When my crew abruptly left during my meeting with Pritok, they decided to save these two tiny Armizards, Jchetski and Philmai.
‘Master. Hah! The only thing you’re master of, is cleaning up after I make all the necessary modifications!’
‘We could get better mods from a baby human! You twit.’ A mod was slang for modification.
‘Okay, okay guys,’ I said as I stuck my finger through an opening in their cage between them, in hopes of splitting them apart. Just as soon as my finger breached their space, they simultaneously bit it. ‘Ouch! What was that for, you little rats?’
‘That’s for keeping us hostage,’ Philmai said.
‘I hereby demand you set us free. Did you just call us rats? Speak of yourself, you look like a shaved chimpanzee,’ Jchetski said.
‘Yes, only a freak would keep us locked up. Don’t you have any ethical standards?’ Philmai asked.
‘I apologize for my friends, they acted rudely by taking you hostage. If I let you go, then will you stop figh
ting?’ I asked, feeling like a father resigned to continual chaos among his kids.
The Armizards were laughing like Australian Kookaburra birds. I couldn’t help myself. I had to break it up. I said, ‘Alright, lollipop league! I’m in charge of this ship, and you’ll be free when you stop acting like a couple of teasing spider monkeys.’ I turned away, hoping to disengage myself. As I walked down the hallway, I could hear the Peixon brothers mocking me with taunting voices.
‘I’m in charge of this ship.’
‘Yeah, you’ll be free when you stop acting like spider monkeys.’
‘We’re already free, you twit!’
‘Yeah, twit!’
‘Will you stop copying me?’
I sighed, feeling like a detached father more than ever before. ‘Okay, let’s make a deal.

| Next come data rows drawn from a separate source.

fun Theta :: "logic \<Rightarrow> nat set \<Rightarrow> team \<Rightarrow> fm" where
  "Theta PD V X = bigTensor (map (state_fm PD V) (enum_team X))"
| "Theta InqL V X = negL InqL (negL InqL (bigDisj (map (state_fm InqL V) (enum_team X))))"
| "Theta PT V X = negL PT (negL PT (bigDisj (map (state_fm PT V) (enum_team X))))"

fun subst :: "(nat \<Rightarrow> fm) \<Rightarrow> fm \<Rightarrow> fm" where
  "subst s (Var p) = s p"
| "subst s Bot = Bot"
| "subst s Top = Top"
| "subst s (Dep as b) = Dep (map (subst s) as) (subst s b)"
| "subst s (Neg a) = Neg (subst s a)"
| "subst s (Conj a b) = Conj (subst s a) (subst s b)"
| "subst s (Tensor a b) = Tensor (subst s a) (subst s b)"
| "subst s (Disj a b) = Disj (subst s a) (subst s b)"
| "subst s (Imp a b) = Imp (subst s a) (subst s b)"

definition is_subst :: "logic \<Rightarrow> (nat \<Rightarrow> fm) \<Rightarrow> bool" where
  "is_subst L s \<longleftrightarrow> (\<forall>\<phi>. in_L L \<phi> \<longrightarrow> in_L L (subst s \<phi>))"

definition flat_substs :: "logic \<Rightarrow> (nat \<Rightarrow> fm) set" where
  "flat_substs L = {s. is_subst L s \<and> (\<forall>p. flat (s p))}"

definition projective :: "logic \<Rightarrow> (nat \<Rightarrow> fm) set \<Rightarrow> fm \<Rightarrow> bool" where
  "projective L S \<phi> \<longleftrightarrow> (\<exists>s\<in>S. entails L [] (subst s \<phi>) \<and>
      (\<forall>p. entails L [\<phi>, s p] (Var p) \<and> entails L [\<phi>, Var p] (s p)))"

end

theory Submission imports Defs begin

text \<open>Substituting flat formulas \<open>s p\<close> for the variables acts on teams as taking the image under
  the valuation map \<open>v \<mapsto> (\<lambda>p. {v} \<Turnstile> s p)\<close>. Hence a flat formula \<open>\<phi>\<close> with a model \<open>w\<close> is
  projective via \<open>\<sigma>(p) = (\<phi> \<and> p) \<or> (\<not>\<phi> \<and> w(p))\<close> (classical disjunction): \<open>\<sigma>\<close> sends every valuation
  into the models of \<open>\<phi>\<close> and fixes those already there. Conversely, if \<open>\<sigma>\<close> is a flat projective
  substitution, the valuation map of \<open>\<sigma>\<close> fixes every valuation satisfying \<open>\<phi>\<close>, so a team all of
  whose members satisfy \<open>\<phi>\<close> is its own image and satisfies \<open>\<phi>\<close> because \<open>\<sigma>(\<phi>)\<close> is valid.
  Flat formulas are determined by their singleton models, which \<open>\<Theta>\<^sub>X\<close> describes exactly.\<close>

lemma sat_empty: "sat {} \<phi>"
proof (induction \<phi>)
  case (Tensor a b) then show ?case by simp
qed auto

lemma sat_subset: "sat X \<phi> \<Longrightarrow> Y \<subseteq> X \<Longrightarrow> sat Y \<phi>"
proof (induction \<phi> arbitrary: X Y)
  case (Tensor a b)
  then obtain X1 X2 where X: "X = X1 \<union> X2" "sat X1 a" "sat X2 b" by auto
  have "Y = (Y \<inter> X1) \<union> (Y \<inter> X2)" using X(1) Tensor.prems(2) by blast
  moreover have "sat (Y \<inter> X1) a" "sat (Y \<inter> X2) b"
    using Tensor.IH(1)[OF X(2)] Tensor.IH(2)[OF X(3)] by blast+
  ultimately show ?case by (simp only: sat.simps) blast
next
  case (Dep as b)
  from Dep.prems show ?case unfolding sat.simps by (meson order_trans)
next
  case (Imp a b)
  then show ?case by simp
qed auto

lemma satD_singleton: "sat X \<phi> \<Longrightarrow> v \<in> X \<Longrightarrow> sat {v} \<phi>"
  using sat_subset by blast

lemma flatI: "(\<And>X. (\<forall>v\<in>X. sat {v} \<phi>) \<Longrightarrow> sat X \<phi>) \<Longrightarrow> flat \<phi>"
  unfolding flat_def using satD_singleton by blast

lemma flatD: "flat \<phi> \<Longrightarrow> sat X \<phi> = (\<forall>v\<in>X. sat {v} \<phi>)"
  unfolding flat_def by blast

lemma flat_Var: "flat (Var p)"
  by (rule flatI) simp

lemma flat_Top: "flat Top"
  by (rule flatI) simp

lemma flat_Bot: "flat Bot"
  by (rule flatI) auto

lemma flat_Conj:
  assumes "flat a" "flat b"
  shows "flat (Conj a b)"
proof (rule flatI)
  fix X assume "\<forall>v\<in>X. sat {v} (Conj a b)"
  then show "sat X (Conj a b)" using assms by (simp add: flatD[of a X] flatD[of b X])
qed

I will let you loose on my ship if you help me understand my gear’s new mods,’ I said.
Philmai laughed and said, ‘Let me get this straight.’
‘No, allow me, Philmai,’ Jchetski said, after joining in the laughter and interrupting his brother. ‘You will let us free after we do something for you? Isn’t that a bit backwards?’
‘What is it with you guys? Okay, I’ll set you free.’
Philmai and Jchetski looked at each other, looked at me, and started filling me in on my newest modifications. They were much more civil when talking about equipment.
Let me just begin by saying these guys are the only people in the Galaxy that were good enough to touch a weapon that had seen a million years of use. I could testify to that, based on the intricacies of their magic touches.
Jchetski said, ‘To experience Wrath is to know love. A sword that surpasses its own worth is a reminder that technology dictates many things. I have only met one other who has wielded the likes of this sword, Zane. Do you know its worth, Theodore? I give you the Armizardian update to the only sword that can be effectively used in a time where laser guns are king: Wrath. Yes, this gun blade’s molten hot flame was weakened during the battle of Jaakruid, which certainly was a product of poor weapon maintenance.’